Mitchell Shiell edited this page May 31, 2023 · 5 revisions

Project Description

Song is a robust metadata validation and tracking system designed to streamline the management of genomics metadata across multiple cloud storage systems. With the increasing complexity and scale of genomics research, managing metadata manually using spreadsheets and text files can be time-consuming and error-prone. Song facilitates the process of metadata submission and automates validation and tracking, enabling users to create high-quality and reliable metadata repositories with minimal human intervention. Song is one of many microservices provided by Overture and is entirely open-source and accessible for everyone to use.

Features

Metadata Validation

Song's metadata validation process ensures that all data submissions adhere to user-defined standards and structure.

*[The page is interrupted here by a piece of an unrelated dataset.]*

(* Let $N,q,L\in\mathbb{N}_{\ge1}$, $0<\varepsilon\le\frac1{2NL}$, and let $s\in S=\frac1{NL}\{0,\dots,L-1\}^n$ satisfy $H(\varepsilon)\cap G(s)=\emptyset$, where $G(s)=\{s+\frac1Nv:v\in\{0,\dots,qN-1\}^n\}$. Let $H_{\mathrm{bound}}=(-\frac1N,0]^n+H$. Then $$\frac{|G(s)\setminus H_{\mathrm{bound}}|}{|G(s)|}\ge 1-\frac1N\cdot\frac{nD(q+1+A+C)^n(A+2/N)^{n-1}}{(Cq)^n}.$$
   Context: An $n$-dimensional infrastructure consists of a full-rank lattice $\Lambda\subset\mathbb{R}^n$, a finite non-empty set $X$, an injective map $d:X\to\mathbb{R}^n/\Lambda$, and a set $\mathrm{fRep}\subseteq X\times\mathbb{R}^n$ with $X\times\{0\}\subseteq\mathrm{fRep}$ such that $\Phi:\mathrm{fRep}\to\mathbb{R}^n/\Lambda$, $(x,t)\mapsto d(x)+t$, is a bijection. Let $\pi:\mathbb{R}^n\to\mathbb{R}^n/\Lambda$ be the projection, $\hat X=\pi^{-1}(d(X))$, and for $\hat x\in\hat X$ let $\hat V_{\hat x}=\{\hat x+t:(d^{-1}(\pi(\hat x)),t)\in\mathrm{fRep}\}$; these sets partition $\mathbb{R}^n$. Standing assumptions: the infrastructure is cornered (for each $\hat x$, $\hat x\in\hat V_{\hat x}$ and $\{r:\hat x\le r\le t\}\subseteq\hat V_{\hat x}$ for all $t\in\hat V_{\hat x}$, componentwise order); (A1) there is $A>0$ with $\hat V_{\hat x}\subseteq\hat x+[0,A]^n$ for all $\hat x$; (A2) there are $C,D>0$ such that $(r+[0,C]^n)\cap\hat X$ has at most $D$ elements for every $r\in\mathbb{R}^n$. $H=\bigcup_{\hat x\in\hat X}\partial\hat V_{\hat x}$ (topological boundaries) and $H(\varepsilon)=H+[-\varepsilon,\varepsilon]^n$. *)

theory Defs
  imports "HOL-Analysis.Analysis"
begin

When users submit a data payload through the Song and Score clients, the metadata gets recorded into a JSON file called the analysis file. The analysis file structures the metadata into name-value pairs that, upon submission, are validated against a base schema and a user-defined JSON schema. This process ensures that all metadata is valid and consistent, minimizing errors and safeguarding the quality of the metadata repository.

Metadata Tracking

Song's metadata tracking system uses global identifiers to track all metadata within Song repositories with the associated molecular files uploaded to object storage through Score. With metadata tracking, all data is accessible to downstream services enabling researchers to search, locate, and download the data they need.

State controls

Song's access state system enables users to manage downstream access to metadata across three states. The Unpublished state keeps the metadata within the Song repository and inaccessible to downstream indexing services such as Maestro, ensuring data security and privacy. The Published state makes the assigned metadata accessible for search and download, enabling users to share their data with others. Finally, we use the Suppressed state when the data is no longer relevant, making it unavailable for search and download. The state control capabilities of Song enables researchers to maintain control over their data.

Technologies Used

Song is a Java Application written using Spring Boot.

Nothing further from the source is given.